A localização dos testículos dos morcegos varia entre famílias. De um modo geral nos vespertilionidae, os testículos descem quando nascem e situam-se abaixo do pénis, já nos rhinolophidae os testículos e o pênis estão localizados ligeiramente mais acima no baixo-ventre.
A atividade espermatogênica da maior parte dos morcegos tem o seu pico no final do verão e início do outono (época de swarming), nesta altura a maturação e ativação dos espermatozoides é realizada nos epidídimos. Deste modo, o estado reprodutivo pode ser avaliado pela inspeção visual dos testículos e dos epidídimos. Durante a espermatogénese (produção de espermatozoides) os tamanho dos testículos aumenta consideravelmente, os quais vão libertando os espermatozoides para os epidídimos, provocando uma diminuição dos testículos e aumentos dos epidídimos.

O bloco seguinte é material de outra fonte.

text \<open>Projections, by induction on the arity: the last coordinate t is PR of 0 and the
  constant 1 (t = int_0^t 1); an earlier coordinate is PR of that projection and 0.\<close>
lemma rpr_proj: "i < n \<Longrightarrow> rpr n 1 (rfun n (\<lambda>_. True) (\<lambda>xs. xs ! i))"
proof (induction n arbitrary: i)
  case (Suc m)
  show ?case
  proof (cases "i = m")
    case True
    have "rpr (m+1) 1 (rfun (m+1) (\<lambda>_. True) (\<lambda>xs. xs ! m))"
    proof (rule rpr_PR_scalar[OF rpr_const rpr_const])
      fix v :: "real list" and t assume lv: "length v = m"
      have "PR m 1 (rfun m (\<lambda>_. True) (\<lambda>_. 0)) (rfun (m+1+1) (\<lambda>_. True) (\<lambda>_. 1)) (v @ [t]) = Some [t]"
        by (rule PR_eval_antiderivative[where \<psi>="\<lambda>_. 1", OF lv]) auto
      then show "PR m 1 (rfun m (\<lambda>_. True) (\<lambda>_. 0)) (rfun (m+1+1) (\<lambda>_. True) (\<lambda>_. 1)) (v @ [t])
            = (if True then Some [(v @ [t]) ! m] else None)"
        using lv by (simp add: nth_append)
    qed simp_all
    then show ?thesis using True by simp
  next
    case False
    then have i: "i < m" using Suc.prems by simp
    have "rpr (m+1) 1 (rfun (m+1) (\<lambda>_. True) (\<lambda>xs. xs ! i))"
    proof (rule rpr_PR_scalar[OF Suc.IH[OF i] rpr_const])
      fix v :: "real list" and t assume lv: "length v = m"
      have "PR m 1 (rfun m (\<lambda>_. True) (\<lambda>xs. xs ! i)) (rfun (m+1+1) (\<lambda>_. True) (\<lambda>_. 0)) (v @ [t])
            = Some [v ! i]"
        by (rule PR_eval_antiderivative[where \<psi>="\<lambda>_. 0", OF lv]) auto
      then show "PR m 1 (rfun m (\<lambda>_. True) (\<lambda>xs. xs ! i)) (rfun (m+1+1) (\<lambda>_. True) (\<lambda>_. 0)) (v @ [t])
            = (if True then Some [(v @ [t]) ! i] else None)"
        using lv i by (simp add: nth_append)
    qed simp
    then show ?thesis by simp
  qed
qed simp

text \<open>Addition: x + t = x + int_0^t 1.\<close>
lemma rpr_add: "rpr 2 1 (rfun 2 (\<lambda>_. True) (\<lambda>xs. xs ! 0 + xs ! 1))"
proof -
  have "rpr (1+1) 1 (rfun (1+1) (\<lambda>_. True) (\<lambda>xs. xs ! 0 + xs ! 1))"
  proof (rule rpr_PR_scalar[OF rpr_proj rpr_const])
    fix v :: "real list" and t assume lv: "length v = 1"
    have "PR 1 1 (rfun 1 (\<lambda>_. True) (\<lambda>xs. xs ! 0)) (rfun (1+1+1) (\<lambda>_. True) (\<lambda>_. 1)) (v @ [t])
          = Some [v ! 0 + t]"
      by (rule PR_eval_antiderivative[where \<psi>="\<lambda>_. 1", OF lv]) (auto intro!: derivative_eq_intros)
    then show "PR 1 1 (rfun 1 (\<lambda>_. True) (\<lambda>xs. xs ! 0)) (rfun (1+1+1) (\<lambda>_. True) (\<lambda>_. 1)) (v @ [t])
          = (if True then Some [(v @ [t]) ! 0 + (v @ [t]) ! 1] else None)"
      using lv by (simp add: nth_append)
  qed simp_all
  then show ?thesis by (simp add: numeral_2_eq_2)
qed
(* Assume (H2). Then for any $q,q'\in\mathbb R^d$ with $q\ne q'$ and any $A>0$ there is $\kappa>0$ such that \[\lim_{\delta\to0}\limsup_{n\to\infty}\sup_{z\in E:|z-nq|<\delta n}\frac1n\log\int_0^{\kappa n}\mathbb P_z\bigl(Z(t)\in nB(q',\delta)\bigr)\,dt\ \le\ -A.\]
   Context: Let $E\subset\mathbb R^d$ be unbounded and $(Z(t))_{t\ge0}$ a continuous-time strong Markov process on $E$ with right-continuous paths having left limits; $\mathbb P_z,\mathbb E_z$ denote probability and expectation given $Z(0)=z$. For $B\subset\mathbb R^d$ and $n>0$, $nB=\{nx:x\in B\}$; $B(x,r)$ is the open ball of center $x$ and radius $r$. (H2): the function $\hat\varphi(a)=\sup_{z\in E}\sup_{t\in[0,1]}\mathbb E_z(e^{a\cdot(Z(t)-z)})$ is finite for every $a\in\mathbb R^d$. *)

theory Defs
  imports "HOL-Probability.Probability"
begin

definition cadlag :: "(real \<Rightarrow> 'a::topological_space) \<Rightarrow> bool" where
  "cadlag f \<longleftrightarrow> (\<forall>t\<ge>0. continuous (at_right t) f) \<and> (\<forall>t>0. \<exists>l. (f \<longlongrightarrow> l) (at_left t))"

A) Representa a condição inativa de reprodução (março-junho); B) representa a etapa de espermatogéneses completa (julho-agosto); C) representa a condição dos indivíduos em período de acasalamento e por consequente têm os espermatozoides maduros armazenados s na cauda dos epidídimos (adaptado de Tobón, 2010)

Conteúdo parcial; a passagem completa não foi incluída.